Hinweis auf Stammrechtssatz
GRS wie 2007/15/0294 E RS 1

Entscheidungstext

Betreff

Der Verwaltungsgerichtshof hat durch den Vorsitzenden Senatspräsident Dr. Zorn und die Hofrätin Dr. Büsser sowie den Hofrat Mag. Novak als Richter, unter Mitwirkung des Schriftführers Karlovits, LL.M., über die Revision des Dr. M S in K, vertreten durch Univ.-Doz. Dr. Thomas Walzel von Wiesentreu, Rechtsanwalt in 6020 Innsbruck, Schöpfstraße 6b, gegen das Erkenntnis des Bundesfinanzgerichtes vom , Zl. RV/3100618/2017, betreffend Ablauf einer Aussetzung der Einhebung gemäß § 212a BAO und Festsetzung von Aussetzungszinsen, den Beschluss gefasst:

Spruch

Die Revision wird zurückgewiesen.

Der Revisionswerber hat dem Bund Aufwendungen in der Höhe von EUR 553,20 binnen zwei Wochen bei sonstiger Exekution zu ersetzen.

Begründung

1 Dem Revisionswerber wurden aufgrund seiner Beteiligung an der X GmbH & Co KG zunächst (negative) Einkünfte zugewiesen, die vom Finanzamt im Rahmen der Einkommensteuerveranlagung erfasst wurden.

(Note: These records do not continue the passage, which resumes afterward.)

(* Suppose $f\in M^1$ satisfies $\Vert V_\varphi f\Vert_1=1$, and that $\Delta\subset\mathbb{R}^2$ (measurable) and $\varepsilon\ge0$ are such that \[ 1-\varepsilon\le\int_\Delta |V_\varphi f(x,\omega)|\,dx\,d\omega. \] Then \[ 1-\varepsilon\le\inf_{R>0}\left(\frac{\rho(\Delta,R)}{1-e^{-\pi/R^2}}\right)\le|\Delta|. \]
   Context: Let $\varphi(t)=2^{1/4}e^{-\pi t^2}$. The STFT is $V_\varphi f(x,\omega)=\int_{\mathbb{R}} f(t)\overline{\varphi(t-x)}e^{-2\pi i \omega t}\,dt$. The modulation space $M^1$ is $\{f\in\mathcal{S}'(\mathbb{R}): \Vert V_\varphi f\Vert_{1}<\infty\}$, with $\Vert\cdot\Vert_1$ the $L^1(\mathbb{R}^2)$ norm. The planar maximum Nyquist density is $\rho(\Delta,R):=\sup_{z\in\mathbb{R}^2}|\Delta\cap(z+D_{1/R})|$, with $D_{1/R}$ the disc of radius $1/R$ centered at the origin and $|\cdot|$ Lebesgue measure. *)

theory Defs
  imports "HOL-Analysis.Analysis"
begin

definition gwin :: "real \<Rightarrow> real" where
  "gwin t = 2 powr (1/4) * exp (- pi * t^2)"

definition STFT :: "(real \<Rightarrow> complex) \<Rightarrow> real \<times> real \<Rightarrow> complex" where
  "STFT f z = (LINT t|lborel. f t * cnj (complex_of_real (gwin (t - fst z)))
                 * exp (- 2 * pi * \<i> * complex_of_real (snd z * t)))"

text \<open>Elements of M^1 are (identified with) square-integrable functions whose STFT is in L^1(R^2).\<close>
definition M1 :: "(real \<Rightarrow> complex) set" where
  "M1 = {f. f \<in> borel_measurable lborel \<and> integrable lborel (\<lambda>t. (norm (f t))^2)
            \<and> integrable lebesgue (\<lambda>z. norm (STFT f z))}"

definition L1norm_STFT :: "(real \<Rightarrow> complex) \<Rightarrow> real" where
  "L1norm_STFT f = (LINT z|lebesgue. norm (STFT f z))"

definition nyquist_rho :: "(real \<times> real) set \<Rightarrow> real \<Rightarrow> real" where
  "nyquist_rho D R = (SUP z. measure lebesgue (D \<inter> ball z (1/R)))"

end

theory Submission
  imports Defs "HOL-Complex_Analysis.Cauchy_Integral_Formula" "HOL-Probability.Distributions"
begin

text \<open>Completing the square in the Gaussian window shows that, up to a Gaussian factor
  \<open>exp (- \<pi> \<bar>w\<bar>\<^sup>2 / 2)\<close> and a unimodular phase, \<open>V f (z\<^sub>0 + w)\<close> is an entire function \<open>G\<close>
  of \<open>conj w\<close> (the Bargmann transform). Averaging \<open>G\<close> over the disc of radius \<open>r\<close> against the
  rotation-invariant weight \<open>exp (- \<pi> \<bar>w\<bar>\<^sup>2 / 2)\<close> returns the total weight times \<open>G 0\<close>, by the
  mean value property, and that total weight is at least \<open>1 - exp (- \<pi> r\<^sup>2)\<close>. Hence
  \<open>(1 - exp (- \<pi> r\<^sup>2)) \<bar>V f z\<^sub>0\<bar> \<le> \<integral>\<^bsub>B(z\<^sub>0, r)\<^esub> \<bar>V f\<bar>\<close>. Integrating over \<open>\<Delta>\<close> and exchanging
  the integrals, every point is counted with weight \<open>\<bar>\<Delta> \<inter> B(w, r)\<bar> \<le> \<rho>(\<Delta>, 1/r)\<close>, which gives the
  lower bound since \<open>\<parallel>V f\<parallel>\<^sub>1 = 1\<close>. The upper bound holds because \<open>\<rho>(\<Delta>, R) \<le> \<bar>\<Delta>\<bar>\<close> and
  \<open>exp (- \<pi> / R\<^sup>2) \<rightarrow> 0\<close> as \<open>R \<rightarrow> 0\<close>.\<close>

section \<open>Rotation invariance of Lebesgue measure on the plane\<close>

definition shear :: "real \<Rightarrow> real \<times> real \<Rightarrow> real \<times> real" where
  "shear a p = (fst p + a * snd p, snd p)"

lemma shear_measurable[measurable]: "shear a \<in> borel_measurable borel"
  unfolding shear_def by (intro borel_measurable_continuous_onI continuous_intros)

lemma lborel_distr_shear: "distr lborel borel (shear a) = lborel"
proof (rule measure_eqI)
  fix A :: "(real \<times> real) set"
  assume "A \<in> sets (distr lborel borel (shear a))"
  then have [measurable]: "A \<in> sets borel" "A \<in> sets (lborel \<Otimes>\<^sub>M lborel)"
    unfolding lborel_prod by simp_all
  have "emeasure (distr lborel borel (shear a)) A = emeasure lborel (shear a -` A \<inter> space lborel)"
    by (rule emeasure_distr) auto
  also have "\<dots> = (\<integral>\<^sup>+p. indicator (shear a -` A \<inter> space lborel) p \<partial>lborel)"
    by (rule nn_integral_indicator[symmetric]) (use measurable_sets[OF shear_measurable] in simp)
  also have "\<dots> = (\<integral>\<^sup>+p. indicator A (fst p + a * snd p, snd p) \<partial>(lborel \<Otimes>\<^sub>M lborel))"
    by (simp add: lborel_prod indicator_def shear_def)
  also have "\<dots> = (\<integral>\<^sup>+y. \<integral>\<^sup>+x. indicator A (x + a * y, y) \<partial>lborel \<partial>lborel)"
    by (subst lborel_pair.nn_integral_snd[symmetric]) auto
  also have "\<dots> = (\<integral>\<^sup>+y. \<integral>\<^sup>+x. indicator A (x, y) \<partial>lborel \<partial>lborel)"
  proof (rule nn_integral_cong)
    fix y :: real
    show "(\<integral>\<^sup>+x. indicator A (x + a * y, y) \<partial>lborel) = (\<integral>\<^sup>+x. indicator A (x, y) \<partial>lborel)"
      using nn_integral_real_affine[of "\<lambda>x. indicator A (x, y)" 1 "a * y"] by (simp add: add.commute)
  qed
  also have "\<dots> = (\<integral>\<^sup>+p. indicator A p \<partial>(lborel \<Otimes>\<^sub>M lborel))"
    by (subst lborel_pair.nn_integral_snd[symmetric]) auto
  also have "\<dots> = emeasure lborel A"
    by (simp add: lborel_prod)
  finally show "emeasure (distr lborel borel (shear a)) A = emeasure lborel A" .
qed simp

2 Am ergingen gemäß § 295 Abs. 1 BAO geänderte Einkommensteuerbescheide für die Jahre 1995, 1999 und 2000, in denen die negativen Einkünfte des Revisionswerbers aus der Beteiligung an der X GmbH & Co KG - unter Hinweis auf die bescheidmäßigen Feststellungen des für die X GmbH & Co KG zuständigen Finanzamtes vom (Grundlagenbescheide) - außer Ansatz blieben.

3 Mit Schriftsatz vom stellte der Revisionswerber beim für ihn zuständigen Finanzamt folgenden Antrag:

"Da gegen den Feststellungsbescheid des Finanzamtes (...) der (X-GmbH & Co KG) durch die (D) Wirtschaftsprüfung und Steuerberatungs-GesmbH das Rechtsmittel der Berufung eingebracht wurde, stelle ich durch meinen bevollmächtigten Vertreter (...) den Antrag den Abgabenrückstand auf meinem Abgabenkonto in Höhe von EUR 22.645,04 bis zu Erledigung des Rechtsmittels gemäß § 212 a Bundesabgabenordnung von der Einhebung auszusetzen."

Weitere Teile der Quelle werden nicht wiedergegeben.